Task statement >>
Copy all lines below that use the word "mathcal".

Input data >>
(* There exists an absolute constant $c_1>0$ with the following property. Let $(m_n)$ and $(M_n)$ be sequences with $0<m_n\le M_n$ and $M_n/m_n=o(n)$ as $n\to\infty$. Then for all sufficiently large $n$, every $V\in\mathcal{L}_n(m_n,M_n)$ is invertible and \[ \bigl\|V^{-1}-S\bigr\|\le \frac{c_1 M_n^2}{m_n^3 (n-1)^2}, \] where $S=S(V)$ is the matrix associated with $V$ defined in the context.
   Context: For a matrix $A=(a_{i,j})$, $\|A\|:=\max_{i,j}|a_{i,j}|$. Class $\mathcal{L}_n(m,M)$: for $0<m\le M$, a $(2n-1)\times(2n-1)$ real symmetric matrix $V=(v_{i,j})$ belongs to $\mathcal{L}_n(m,M)$ if: (i) $v_{i,j}=0$ whenever $i\ne j$ and both $i,j\in\{1,\dots,n\}$, or both $i,j\in\{n+1,\dots,2n-1\}$; (ii) $v_{i,n+i}=v_{n+i,i}=0$ for $i=1,\dots,n-1$; (iii) $m\le v_{i,j}=v_{j,i}\le M$ for $i\in\{1,\dots,n\}$, $j\in\{n+1,\dots,2n-1\}$, $j\neq n+i$; (iv) $m\le v_{i,i}-\sum_{j=n+1}^{2n-1}v_{i,j}\le M$ for $i=1,\dots,n-1$, and $v_{n,n}=\sum_{j=n+1}^{2n-1}v_{n,j}$; (v) $v_{i,i}=\sum_{k=1}^n v_{k,i}$ for $i=n+1,\dots,2n-1$. Associated quantities: $v_{2n,i}=v_{i,2n}:=v_{i,i}-\sum_{j=1,j\ne i}^{2n-1}v_{i,j}$ for $i=1,\dots,2n-1$, and $v_{2n,2n}:=\sum_{i=1}^{2n-1}v_{2n,i}$. The $(2n-1)\times(2n-1)$ matrix $S=(s_{i,j})$ is defined by $s_{i,j}=\delta_{i,j}/v_{i,i}+1/v_{2n,2n}$ if $i,j\in\{1,\dots,n\}$ or $i,j\in\{n+1,\dots,2n-1\}$, and $s_{i,j}=-1/v_{2n,2n}$ if one of $i,j$ lies in $\{1,\dots,n\}$ and the other in $\{n+1,\dots,2n-1\}$; here $\delta_{i,j}$ is the Kronecker delta. *)

theory Defs
  imports "Jordan_Normal_Form.Matrix" "HOL-Library.Landau_Symbols"
begin

text \<open>1-based access to the entries of a matrix (the paper indexes from 1).\<close>
definition ent :: "real mat \<Rightarrow> nat \<Rightarrow> nat \<Rightarrow> real" where
  "ent V i j = V $$ (i - 1, j - 1)"

definition maxnorm :: "real mat \<Rightarrow> real" where
  "maxnorm A = Max {\<bar>A $$ (i, j)\<bar> | i j. i < dim_row A \<and> j < dim_col A}"

definition in_L :: "nat \<Rightarrow> real \<Rightarrow> real \<Rightarrow> real mat \<Rightarrow> bool" where
  "in_L n m M V \<longleftrightarrow>
     0 < m \<and> m \<le> M \<and>
     V \<in> carrier_mat (2*n - 1) (2*n - 1) \<and> transpose_mat V = V \<and>
     (\<forall>i\<in>{1..n}. \<forall>j\<in>{1..n}. i \<noteq> j \<longrightarrow> ent V i j = 0) \<and>
     (\<forall>i\<in>{n+1..2*n-1}. \<forall>j\<in>{n+1..2*n-1}. i \<noteq> j \<longrightarrow> ent V i j = 0) \<and>
     (\<forall>i\<in>{1..n-1}. ent V i (n+i) = 0 \<and> ent V (n+i) i = 0) \<and>
     (\<forall>i\<in>{1..n}. \<forall>j\<in>{n+1..2*n-1}. j \<noteq> n + i \<longrightarrow>
         m \<le> ent V i j \<and> ent V i j = ent V j i \<and> ent V i j \<le> M) \<and>
     (\<forall>i\<in>{1..n-1}. m \<le> ent V i i - (\<Sum>j=n+1..2*n-1. ent V i j) \<and>
                     ent V i i - (\<Sum>j=n+1..2*n-1. ent V i j) \<le> M) \<and>
     ent V n n = (\<Sum>j=n+1..2*n-1. ent V n j) \<and>
     (\<forall>i\<in>{n+1..2*n-1}. ent V i i = (\<Sum>k=1..n. ent V k i))"

text \<open>v_{2n,i} for i = 1..2n-1, and v_{2n,2n}.\<close>
definition vlast :: "nat \<Rightarrow> real mat \<Rightarrow> nat \<Rightarrow> real" where
  "vlast n V i = ent V i i - (\<Sum>j\<in>{1..2*n-1} - {i}. ent V i j)"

Answer section >>
(* There exists an absolute constant $c_1>0$ with the following property. Let $(m_n)$ and $(M_n)$ be sequences with $0<m_n\le M_n$ and $M_n/m_n=o(n)$ as $n\to\infty$. Then for all sufficiently large $n$, every $V\in\mathcal{L}_n(m_n,M_n)$ is invertible and \[ \bigl\|V^{-1}-S\bigr\|\le \frac{c_1 M_n^2}{m_n^3 (n-1)^2}, \] where $S=S(V)$ is the matrix associated with $V$ defined in the context.
   Context: For a matrix $A=(a_{i,j})$, $\|A\|:=\max_{i,j}|a_{i,j}|$. Class $\mathcal{L}_n(m,M)$: for $0<m\le M$, a $(2n-1)\times(2n-1)$ real symmetric matrix $V=(v_{i,j})$ belongs to $\mathcal{L}_n(m,M)$ if: (i) $v_{i,j}=0$ whenever $i\ne j$ and both $i,j\in\{1,\dots,n\}$, or both $i,j\in\{n+1,\dots,2n-1\}$; (ii) $v_{i,n+i}=v_{n+i,i}=0$ for $i=1,\dots,n-1$; (iii) $m\le v_{i,j}=v_{j,i}\le M$ for $i\in\{1,\dots,n\}$, $j\in\{n+1,\dots,2n-1\}$, $j\neq n+i$; (iv) $m\le v_{i,i}-\sum_{j=n+1}^{2n-1}v_{i,j}\le M$ for $i=1,\dots,n-1$, and $v_{n,n}=\sum_{j=n+1}^{2n-1}v_{n,j}$; (v) $v_{i,i}=\sum_{k=1}^n v_{k,i}$ for $i=n+1,\dots,2n-1$. Associated quantities: $v_{2n,i}=v_{i,2n}:=v_{i,i}-\sum_{j=1,j\ne i}^{2n-1}v_{i,j}$ for $i=1,\dots,2n-1$, and $v_{2n,2n}:=\sum_{i=1}^{2n-1}v_{2n,i}$. The $(2n-1)\times(2n-1)$ matrix $S=(s_{i,j})$ is defined by $s_{i,j}=\delta_{i,j}/v_{i,i}+1/v_{2n,2n}$ if $i,j\in\{1,\dots,n\}$ or $i,j\in\{n+1,\dots,2n-1\}$, and $s_{i,j}=-1/v_{2n,2n}$ if one of $i,j$ lies in $\{1,\dots,n\}$ and the other in $\{n+1,\dots,2n-1\}$; here $\delta_{i,j}$ is the Kronecker delta. *)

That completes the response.